• [EXERCISE PROMPT] Go through the data below. Pull out every line that has the word "open".
(INPUT FOR THIS TASK)
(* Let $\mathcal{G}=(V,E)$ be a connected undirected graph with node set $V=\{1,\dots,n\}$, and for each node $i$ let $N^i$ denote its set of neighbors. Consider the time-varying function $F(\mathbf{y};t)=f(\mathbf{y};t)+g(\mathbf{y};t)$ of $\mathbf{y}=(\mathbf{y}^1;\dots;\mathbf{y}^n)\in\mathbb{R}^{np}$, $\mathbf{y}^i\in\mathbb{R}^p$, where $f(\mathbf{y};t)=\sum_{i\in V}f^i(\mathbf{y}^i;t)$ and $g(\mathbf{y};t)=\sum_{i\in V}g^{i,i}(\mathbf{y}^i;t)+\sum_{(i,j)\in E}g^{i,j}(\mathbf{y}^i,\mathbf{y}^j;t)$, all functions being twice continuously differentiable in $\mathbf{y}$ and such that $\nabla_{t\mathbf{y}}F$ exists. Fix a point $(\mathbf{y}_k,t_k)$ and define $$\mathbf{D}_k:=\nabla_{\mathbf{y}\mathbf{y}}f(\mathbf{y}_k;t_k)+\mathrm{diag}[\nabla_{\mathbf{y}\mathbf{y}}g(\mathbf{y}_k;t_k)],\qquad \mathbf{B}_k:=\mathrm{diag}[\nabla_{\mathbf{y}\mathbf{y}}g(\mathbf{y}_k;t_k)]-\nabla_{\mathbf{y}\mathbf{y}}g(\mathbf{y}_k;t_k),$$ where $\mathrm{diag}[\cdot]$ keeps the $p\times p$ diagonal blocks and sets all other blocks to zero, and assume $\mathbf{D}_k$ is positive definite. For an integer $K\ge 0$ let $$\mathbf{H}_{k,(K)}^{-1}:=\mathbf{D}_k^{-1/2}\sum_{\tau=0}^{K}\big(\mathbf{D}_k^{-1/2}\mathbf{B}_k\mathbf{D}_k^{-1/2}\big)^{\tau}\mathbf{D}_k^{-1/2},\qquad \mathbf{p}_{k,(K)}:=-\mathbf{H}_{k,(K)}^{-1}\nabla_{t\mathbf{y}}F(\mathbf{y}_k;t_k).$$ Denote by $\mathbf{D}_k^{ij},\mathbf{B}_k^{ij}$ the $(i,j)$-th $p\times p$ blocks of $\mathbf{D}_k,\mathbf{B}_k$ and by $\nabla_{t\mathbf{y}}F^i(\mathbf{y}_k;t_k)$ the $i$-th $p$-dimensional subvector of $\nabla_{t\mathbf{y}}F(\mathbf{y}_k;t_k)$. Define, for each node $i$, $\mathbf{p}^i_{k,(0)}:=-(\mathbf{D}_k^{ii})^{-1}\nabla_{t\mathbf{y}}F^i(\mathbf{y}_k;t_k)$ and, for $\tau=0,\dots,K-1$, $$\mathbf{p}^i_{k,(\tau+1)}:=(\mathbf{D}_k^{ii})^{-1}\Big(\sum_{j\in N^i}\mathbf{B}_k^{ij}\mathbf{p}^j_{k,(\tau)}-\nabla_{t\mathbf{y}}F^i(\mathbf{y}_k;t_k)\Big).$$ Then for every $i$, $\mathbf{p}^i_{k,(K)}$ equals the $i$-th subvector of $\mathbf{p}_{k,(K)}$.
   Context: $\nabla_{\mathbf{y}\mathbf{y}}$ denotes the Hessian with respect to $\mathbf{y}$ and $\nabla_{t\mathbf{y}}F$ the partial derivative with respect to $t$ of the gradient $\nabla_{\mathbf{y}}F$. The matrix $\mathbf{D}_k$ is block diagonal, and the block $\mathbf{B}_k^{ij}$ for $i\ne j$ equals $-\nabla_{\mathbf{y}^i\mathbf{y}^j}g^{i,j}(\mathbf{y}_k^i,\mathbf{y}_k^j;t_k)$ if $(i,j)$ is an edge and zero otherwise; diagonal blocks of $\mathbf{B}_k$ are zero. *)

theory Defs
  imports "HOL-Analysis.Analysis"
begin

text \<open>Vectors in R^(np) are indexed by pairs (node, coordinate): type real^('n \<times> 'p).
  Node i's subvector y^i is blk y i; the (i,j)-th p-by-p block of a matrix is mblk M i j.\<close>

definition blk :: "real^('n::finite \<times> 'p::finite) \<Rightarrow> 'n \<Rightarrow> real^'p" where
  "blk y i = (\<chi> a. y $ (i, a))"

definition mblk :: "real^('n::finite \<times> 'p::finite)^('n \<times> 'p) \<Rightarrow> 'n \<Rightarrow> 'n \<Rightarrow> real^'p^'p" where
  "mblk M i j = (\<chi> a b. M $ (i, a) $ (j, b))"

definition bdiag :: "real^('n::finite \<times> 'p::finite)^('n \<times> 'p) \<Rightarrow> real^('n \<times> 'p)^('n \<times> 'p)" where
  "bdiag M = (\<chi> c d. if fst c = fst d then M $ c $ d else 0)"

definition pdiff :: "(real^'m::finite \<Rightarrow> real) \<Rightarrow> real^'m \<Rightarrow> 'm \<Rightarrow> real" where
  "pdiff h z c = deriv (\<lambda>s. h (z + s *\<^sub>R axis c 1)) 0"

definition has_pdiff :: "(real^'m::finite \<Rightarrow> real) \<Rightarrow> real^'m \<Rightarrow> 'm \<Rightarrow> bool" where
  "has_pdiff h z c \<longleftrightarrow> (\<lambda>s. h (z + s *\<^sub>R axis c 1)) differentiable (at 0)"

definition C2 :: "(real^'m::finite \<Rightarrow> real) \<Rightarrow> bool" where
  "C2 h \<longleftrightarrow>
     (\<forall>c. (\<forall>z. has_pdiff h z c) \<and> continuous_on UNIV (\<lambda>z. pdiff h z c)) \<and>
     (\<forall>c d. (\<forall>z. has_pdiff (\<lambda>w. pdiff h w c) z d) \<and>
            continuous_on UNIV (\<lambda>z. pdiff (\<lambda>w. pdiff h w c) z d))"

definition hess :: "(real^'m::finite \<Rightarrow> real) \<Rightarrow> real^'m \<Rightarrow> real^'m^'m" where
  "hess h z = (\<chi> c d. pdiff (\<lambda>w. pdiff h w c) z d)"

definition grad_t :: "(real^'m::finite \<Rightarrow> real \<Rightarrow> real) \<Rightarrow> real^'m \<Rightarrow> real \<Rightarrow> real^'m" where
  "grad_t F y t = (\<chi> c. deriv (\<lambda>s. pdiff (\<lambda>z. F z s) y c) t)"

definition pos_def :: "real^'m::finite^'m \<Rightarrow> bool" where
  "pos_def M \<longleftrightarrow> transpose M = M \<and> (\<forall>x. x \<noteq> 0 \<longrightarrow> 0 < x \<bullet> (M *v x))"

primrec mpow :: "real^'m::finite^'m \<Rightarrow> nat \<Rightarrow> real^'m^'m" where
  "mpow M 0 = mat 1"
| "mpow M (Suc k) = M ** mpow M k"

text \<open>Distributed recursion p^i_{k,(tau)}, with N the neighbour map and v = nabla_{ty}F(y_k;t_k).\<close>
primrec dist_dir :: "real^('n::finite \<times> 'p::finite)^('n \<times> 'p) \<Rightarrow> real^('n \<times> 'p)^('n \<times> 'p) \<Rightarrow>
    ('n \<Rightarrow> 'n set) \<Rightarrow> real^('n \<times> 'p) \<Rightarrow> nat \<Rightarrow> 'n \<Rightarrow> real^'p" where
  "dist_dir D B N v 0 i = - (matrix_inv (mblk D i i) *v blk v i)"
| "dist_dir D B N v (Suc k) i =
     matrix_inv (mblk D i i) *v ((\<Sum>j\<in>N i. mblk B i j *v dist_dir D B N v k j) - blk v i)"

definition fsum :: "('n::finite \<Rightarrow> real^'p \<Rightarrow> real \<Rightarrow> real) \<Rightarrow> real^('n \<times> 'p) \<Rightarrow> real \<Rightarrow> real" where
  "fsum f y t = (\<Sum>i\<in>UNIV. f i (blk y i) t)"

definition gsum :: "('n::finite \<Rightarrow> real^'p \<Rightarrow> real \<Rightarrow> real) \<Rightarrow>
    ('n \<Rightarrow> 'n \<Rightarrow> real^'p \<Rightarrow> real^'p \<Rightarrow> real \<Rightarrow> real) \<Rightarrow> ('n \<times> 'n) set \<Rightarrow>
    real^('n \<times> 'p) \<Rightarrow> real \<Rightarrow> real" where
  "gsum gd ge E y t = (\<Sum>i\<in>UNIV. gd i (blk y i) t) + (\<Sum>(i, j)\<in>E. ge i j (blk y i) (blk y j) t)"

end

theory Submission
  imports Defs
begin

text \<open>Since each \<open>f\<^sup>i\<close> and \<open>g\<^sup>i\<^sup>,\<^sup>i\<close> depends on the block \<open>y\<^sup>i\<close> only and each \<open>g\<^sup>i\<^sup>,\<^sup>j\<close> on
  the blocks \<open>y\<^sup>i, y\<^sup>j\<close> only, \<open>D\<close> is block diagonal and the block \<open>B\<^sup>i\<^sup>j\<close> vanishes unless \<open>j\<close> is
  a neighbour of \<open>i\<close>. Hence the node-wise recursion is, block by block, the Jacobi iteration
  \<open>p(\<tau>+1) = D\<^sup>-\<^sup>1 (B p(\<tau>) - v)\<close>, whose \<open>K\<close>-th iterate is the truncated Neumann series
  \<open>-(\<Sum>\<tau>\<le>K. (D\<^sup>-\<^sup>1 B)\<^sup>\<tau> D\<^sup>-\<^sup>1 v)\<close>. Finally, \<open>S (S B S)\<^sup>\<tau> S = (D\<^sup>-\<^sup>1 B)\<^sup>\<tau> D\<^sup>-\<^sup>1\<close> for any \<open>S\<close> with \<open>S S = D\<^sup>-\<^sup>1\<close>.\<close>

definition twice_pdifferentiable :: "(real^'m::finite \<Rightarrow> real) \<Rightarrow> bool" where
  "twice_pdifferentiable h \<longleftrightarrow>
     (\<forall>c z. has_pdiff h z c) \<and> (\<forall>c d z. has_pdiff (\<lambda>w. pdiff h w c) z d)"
(End INPUT FOR THIS TASK)
• [ANSWER BELOW]
text \<open>Vectors in R^(np) are indexed by pairs (node, coordinate): type real^('n \<times> 'p).
text \<open>Distributed recursion p^i_{k,(tau)}, with N the neighbour map and v = nabla_{ty}F(y_k;t_k).\<close>
text \<open>Since each \<open>f\<^sup>i\<close> and \<open>g\<^sup>i\<^sup>,\<^sup>i\<close> depends on the block \<open>y\<^sup>i\<close> only and each \<open>g\<^sup>i\<^sup>,\<^sup>j\<close> on
  the blocks \<open>y\<^sup>i, y\<^sup>j\<close> only, \<open>D\<close> is block diagonal and the block \<open>B\<^sup>i\<^sup>j\<close> vanishes unless \<open>j\<close> is
  a neighbour of \<open>i\<close>. Hence the node-wise recursion is, block by block, the Jacobi iteration
  \<open>p(\<tau>+1) = D\<^sup>-\<^sup>1 (B p(\<tau>) - v)\<close>, whose \<open>K\<close>-th iterate is the truncated Neumann series
  \<open>-(\<Sum>\<tau>\<le>K. (D\<^sup>-\<^sup>1 B)\<^sup>\<tau> D\<^sup>-\<^sup>1 v)\<close>. Finally, \<open>S (S B S)\<^sup>\<tau> S = (D\<^sup>-\<^sup>1 B)\<^sup>\<tau> D\<^sup>-\<^sup>1\<close> for any \<open>S\<close> with \<open>S S = D\<^sup>-\<^sup>1\<close>.\<close>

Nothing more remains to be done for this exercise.